There is a lot of dancing in the show, particularly in the dynamic first act: dancing before we've met any characters. Dancing to cover costume changes. Dancing in production numbers. Dancing to disguise scenery shifts. Dancing at the intermission to wow us with the spectacle of people tapping on piles of coins.

You'd expect plenty of tap numbers in "42nd Street," but a quick intro from Broadway empresario Julian Marsh (Jarrod Emick) warns us that that's not exactly what we're going to get. The musical remains the Depression-era one about the injured leading lady and the chorus girl (played by perpetual motion machine Kimberly Immanuel) who's told, "You're going out there a youngster. You've got to come back a star." But this "42nd Street," which premiered at Chicago's Drury Lane Theatre and has been developed at the Ordway with a half-local cast, is set during that part of the Depression when all the kids were into hip-hop. That moment after Black Tuesday when miniskirts were suddenly all the rage. That time when folks on bread lines started grooving to Stevie Wonder's "Superstition."

Although it's nominally set in the 1930s, the notion of this "42nd Street" is that its optimism and energy are eternal. So the dance styles do include tap, but also disco, jitterbug, hip-hop, Bob Fosse-style jazz and a nod to "A Chorus Line." The title number is staged by inventive choreographer Jared Grimes in a way that suggests those trashcan-bangers from "Stomp" shaking their moneymakers at Studio 54. I didn't actually see anyone doing the schottische, but it's probably in there, too.

Initially, I resisted because huge chunks of the show feel like those megamixes that end "Joseph and the Amazing Technicolor Dreamcoat" and "Mamma Mia." And I remained immune to the synth-dominated, yacht-rock band, which always sounds as if it's backing an '80s act like Toto, rather than dozens of people dancing their hearts out.
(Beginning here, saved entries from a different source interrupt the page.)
lemma sum_smult_in_group_closure:
  fixes u :: "'a \<Rightarrow> int ^ 'n"
  assumes "\<forall>j\<in>J. u j \<in> S"
  shows "(\<Sum>j\<in>J. k j *s u j) \<in> group_closure S"
  using assms
proof (induction J rule: infinite_finite_induct)
  case (insert j J)
  then show ?case
    by (auto intro: group_closure_add int_smult_in_group_closure group_closure.base)
qed simp_all

lemma finite_cosets_if_axis_multiples:
  fixes L :: "(int ^ 'n) set"
  assumes "group_closure L = L" and D_pos: "\<And>i. D i > 0" and D_mem: "\<And>i. D i *s axis i 1 \<in> L"
  shows "finite ((\<lambda>x. (\<lambda>y. x + y) ` L) ` UNIV)"
proof -
  define R where "R = {y::int ^ 'n. \<forall>i. y $ i \<in> {0..<D i}}"
  have "R \<subseteq> vec_lambda ` (PiE UNIV (\<lambda>i. {0..<D i}))"
    by (auto simp: R_def PiE_iff intro!: image_eqI[of _ _ "\<lambda>i. _ $ i"])
  then have "finite R"
    by (rule finite_subset) (intro finite_imageI finite_PiE; simp)
  have cosets_R: "(\<lambda>x. (\<lambda>y. x + y) ` L) ` UNIV \<subseteq> (\<lambda>x. (\<lambda>y. x + y) ` L) ` R"
  proof (rule image_subsetI)
    fix x :: "int ^ 'n"
    define r where "r = (\<chi> i. x $ i mod D i)"
    have "r \<in> R" using D_pos by (simp add: R_def r_def)
    have "(\<Sum>i\<in>UNIV. (x $ i div D i) *s (D i *s axis i 1)) $ k = (x - r) $ k" for k
    proof -
      have "(\<Sum>i\<in>UNIV. (x $ i div D i) *s (D i *s axis i 1)) $ k
          = (\<Sum>i\<in>UNIV. if i = k then x $ i div D i * D i else 0)"
        unfolding sum_component by (rule sum.cong) (simp_all add: axis_def)
      then show ?thesis by (simp add: r_def minus_mod_eq_div_mult)
    qed
    then have "x - r = (\<Sum>i\<in>UNIV. (x $ i div D i) *s (D i *s axis i 1))"
      by (simp add: vec_eq_iff)
    also have "\<dots> \<in> group_closure L"
      by (rule sum_smult_in_group_closure) (use D_mem in blast)
    finally have "x - r \<in> L"
      by (simp only: assms(1))
    then show "(\<lambda>y. x + y) ` L \<in> (\<lambda>x. (\<lambda>y. x + y) ` L) ` R"
      using \<open>r \<in> R\<close> coset_eq_if_diff_mem[OF assms(1)] by blast
  qed
  show ?thesis
    using finite_imageI[OF \<open>finite R\<close>] by (rule finite_subset[OF cosets_R])
qed

lemma common_denominator:
  fixes q :: "'a::finite \<Rightarrow> rat"
  shows "\<exists>D>0. \<exists>z. \<forall>j. of_int D * q j = of_int (z j)"
proof -
  define n where "n j = fst (quotient_of (q j))" for j
  define d where "d j = snd (quotient_of (q j))" for j
  have "d j > 0" for j by (simp add: d_def quotient_of_denom_pos')
  have q: "q j = of_int (n j) / of_int (d j)" for j
    by (rule quotient_of_div) (simp add: n_def d_def)
  define D where "D = (\<Prod>j\<in>UNIV. d j)"
  have "of_int D * q j = of_int (n j * (\<Prod>i\<in>UNIV - {j}. d i))" for j
    using \<open>d j > 0\<close> by (simp add: D_def q prod.remove[of UNIV j])
  moreover have "D > 0"
    unfolding D_def using \<open>\<And>j. d j > 0\<close> by (simp add: prod_pos)
  ultimately show ?thesis
    by (intro exI[of _ D] conjI exI[of _ "\<lambda>j. n j * (\<Prod>i\<in>UNIV - {j}. d i)"]) auto
qed

lemma lin_indep_int_nonzero:
  assumes "lin_indep_int v"
  shows "v j \<noteq> 0"
proof
  assume "v j = 0"
  define c where "c i = (if i = j then 1 else 0 :: int)" for i
  have "(\<Sum>i\<in>UNIV. c i *s v i) = (\<Sum>i\<in>UNIV. if i = j then v i else 0)"
    by (rule sum.cong) (simp_all add: c_def)
  also have "\<dots> = 0"
    using \<open>v j = 0\<close> by simp
  finally have "c j = 0"
    using assms unfolding lin_indep_int_def by blast
  then show False
    by (simp add: c_def)
qed

lemma lin_indep_int_scale:
  fixes v :: "'n::finite \<Rightarrow> int ^ 'm" and m :: "'n \<Rightarrow> int"
  assumes "lin_indep_int v" and "\<And>j. m j \<noteq> 0"
  shows "lin_indep_int (\<lambda>j. m j *s v j)"
  unfolding lin_indep_int_def
proof (intro allI impI)
  fix c :: "'n \<Rightarrow> int" and j
  assume "(\<Sum>j\<in>UNIV. c j *s (m j *s v j)) = 0"
  then have "c j * m j = 0"
    using assms(1)[unfolded lin_indep_int_def, rule_format, of "\<lambda>j. c j * m j"]
    by (simp add: vector_smult_assoc)
  then show "c j = 0"
    using assms(2) by simp
qed

definition of_int_vec :: "int ^ 'n \<Rightarrow> 'a::ring_1 ^ 'n" where
  "of_int_vec x = (\<chi> i. of_int (x $ i))"

lemma of_int_vec_sum_smult:
  "of_int_vec (\<Sum>j\<in>J. k j *s u j) = (\<Sum>j\<in>J. of_int (k j) *s (of_int_vec (u j) :: 'a::ring_1 ^ 'n))"
  by (simp add: of_int_vec_def vec_eq_iff sum_component)

lemma of_int_vec_eq_iff [simp]:
  "(of_int_vec x :: 'a::ring_char_0 ^ 'n) = of_int_vec y \<longleftrightarrow> x = y"
  by (simp add: of_int_vec_def vec_eq_iff)

lemma lin_indep_int_rat_coeffs_eq_0:
  fixes u :: "'n::finite \<Rightarrow> int ^ 'm"
  assumes "lin_indep_int u" and "(\<Sum>j\<in>UNIV. q j *s of_int_vec (u j)) = (0 :: rat ^ 'm)"
  shows "q j = 0"
proof -
  obtain D z where "D > 0" and z: "\<And>j. of_int D * q j = of_int (z j)"
    using common_denominator by blast
  have "of_int_vec (\<Sum>j\<in>UNIV. z j *s u j) = of_int D *s (\<Sum>j\<in>UNIV. q j *s of_int_vec (u j) :: rat ^ 'm)"
    by (simp add: of_int_vec_sum_smult vec.scale_sum_right vector_smult_assoc flip: z)
  also have "\<dots> = of_int_vec 0"
    using assms(2) by (simp add: of_int_vec_def vec_eq_iff)
  finally have "z j = 0"
    using assms(1) unfolding lin_indep_int_def by simp
  then show ?thesis
    using z[of j] \<open>D > 0\<close> by simp
qed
But those dancers are so committed and precise that I fell for them, in huge production number after huge production number.

The story, meanwhile, doesn't make a lick of sense. Forgetting that we can't tell what year we're in, this "42nd Street" is so crammed with big numbers that there's no time to care about the people performing them. Just one example: That nasty leading lady (Tamara Tunie, who has a warm, rich singing voice) reads the riot act to two different boyfriends and then immediately begins singing a ballad about how deeply she loves her man. It's meant to be a big, dramatic moment but, just as I was thinking, "Which man? Is there a third guy we haven't met?," someone in the audience snickered loudly and I knew I was not alone in my confusion.

The script is supposedly "modernized," but what I think happened is that, in zipping up the dance numbers, the creators of "42nd Street" made the dated book seem even more old-fashioned. As a result, this "42nd Street" will probably play better if you just think of it as a snappy musical revue, with unrelated showstopper after showstopper set to favorites such as "We're in the Money" and "Lullaby of Broadway" (only an odd "Shuffle Off to Buffalo," featuring hardworking Tyler Michaels King, falls flat).

Yes, the show is something of a mess — so is the real 42nd Street — but it is an entertaining, even beguiling, one.